Laird Hunt (born April 3, 1968) is an American writer, translator and academic.

Life
Hunt grew up in Singapore, San Francisco, The Hague, and London before moving to his grandmother's farm in rural Indiana, where he attended Clinton Central High School. He earned a B.A. from Indiana University and a Master of Fine Arts in Creative Writing from the Jack Kerouac School of Disembodied Poetics at Naropa University. He also studied French literature at the Sorbonne. Hunt worked in the press office at the United Nations while writing his first novel. He was a professor in the Creative Writing program at University of Denver. Hunt lives with his wife, the poet Eleni Sikelianos, in Providence, Rhode Island, and works as a professor of Literary Arts at Brown University.

Writing career
Hunt is the author of eight novels and a collection of short work, including the 2021 National Book Award finalist Zorrie. Hunt has also translated several novels from the French including Oliver Rohe's Vacant Lot (2010), Stuart Merrill's Paul Verlaine (2010). His works intersect several genres, including experimental literature, exploratory fiction, literary noir, speculative fiction and difficult fiction and include elements ranging from the bizarre, the tragic, and the comic. His influences include Georges Perec, W. G. Sebald, Samuel Beckett, Franz Kafka and the French Modernists.

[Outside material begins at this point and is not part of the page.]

(* Let $F$ be the cdf of a continuous nonnegative random variable with unbounded support $[0,\infty)$, density $f$ and hazard rate $h=f/(1-F)$. Let $\sigma_1,\sigma_2\geq0$, $\lambda_1,\lambda_2>0$, $r_1,r_2\geq0$, and let $n_1,n_2,n_1^*,n_2^*$ be positive integers with $n_1r_1+n_2r_2=1$ and $n_1^*r_1+n_2^*r_2=1$; put $n=n_1+n_2$, $n^*=n_1^*+n_2^*$. Let $U_n$ and $U_{n^*}$ be random variables with cdfs $$F_{U_n}(x)=n_1r_1F\!\left(\tfrac{x-\sigma_1}{\lambda_1}\right)I(x>\sigma_1)+n_2r_2F\!\left(\tfrac{x-\sigma_2}{\lambda_2}\right)I(x>\sigma_2),$$ $$F_{U_{n^*}}(x)=n_1^*r_1F\!\left(\tfrac{x-\sigma_1}{\lambda_1}\right)I(x>\sigma_1)+n_2^*r_2F\!\left(\tfrac{x-\sigma_2}{\lambda_2}\right)I(x>\sigma_2).$$ Suppose either that $F$ is IFR and $(\lambda_1,\lambda_2),(\sigma_1,\sigma_2)\in\mathcal{D}_2^+$, or that $F$ is DPFR and $(\lambda_1,\lambda_2),(\sigma_1,\sigma_2)\in\mathcal{E}_2^+$. If $n_1n_2^*\geq n_1^*n_2$, then $U_n\geq_{hr}U_{n^*}$.
   Context: $I(x>\sigma)$ is $1$ if $x>\sigma$ and $0$ otherwise. $\mathcal{D}_2^+=\{(u_1,u_2):u_1\geq u_2>0\}$, $\mathcal{E}_2^+=\{(u_1,u_2):0<u_1\leq u_2\}$. $F$ is IFR if $h(x)$ is increasing in $x>0$; $F$ is DPFR (decreasing proportional failure rate) if $xh(x)$ is decreasing in $x>0$. $X\geq_{hr}Y$ means the hazard rate of $X$ is at most the hazard rate of $Y$ at every $x\geq0$ (equivalently $\bar F_X(x)/\bar F_Y(x)$ is increasing). *)

theory Defs
  imports "HOL-Analysis.Analysis"
begin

Hunt's reviews and essays have been published in the New York Times, the Washington Post, the Wall Street Journal, the Daily Beast, the Guardian, the Irish Times and the Los Angeles Times, and his fiction and translations have appeared in many literary journals, including Conjunctions, McSweeney's, Bomb, Ploughshares, Bookforum, The Believer, Fence, and Zoetrope, is the former editor of the Denver Quarterly.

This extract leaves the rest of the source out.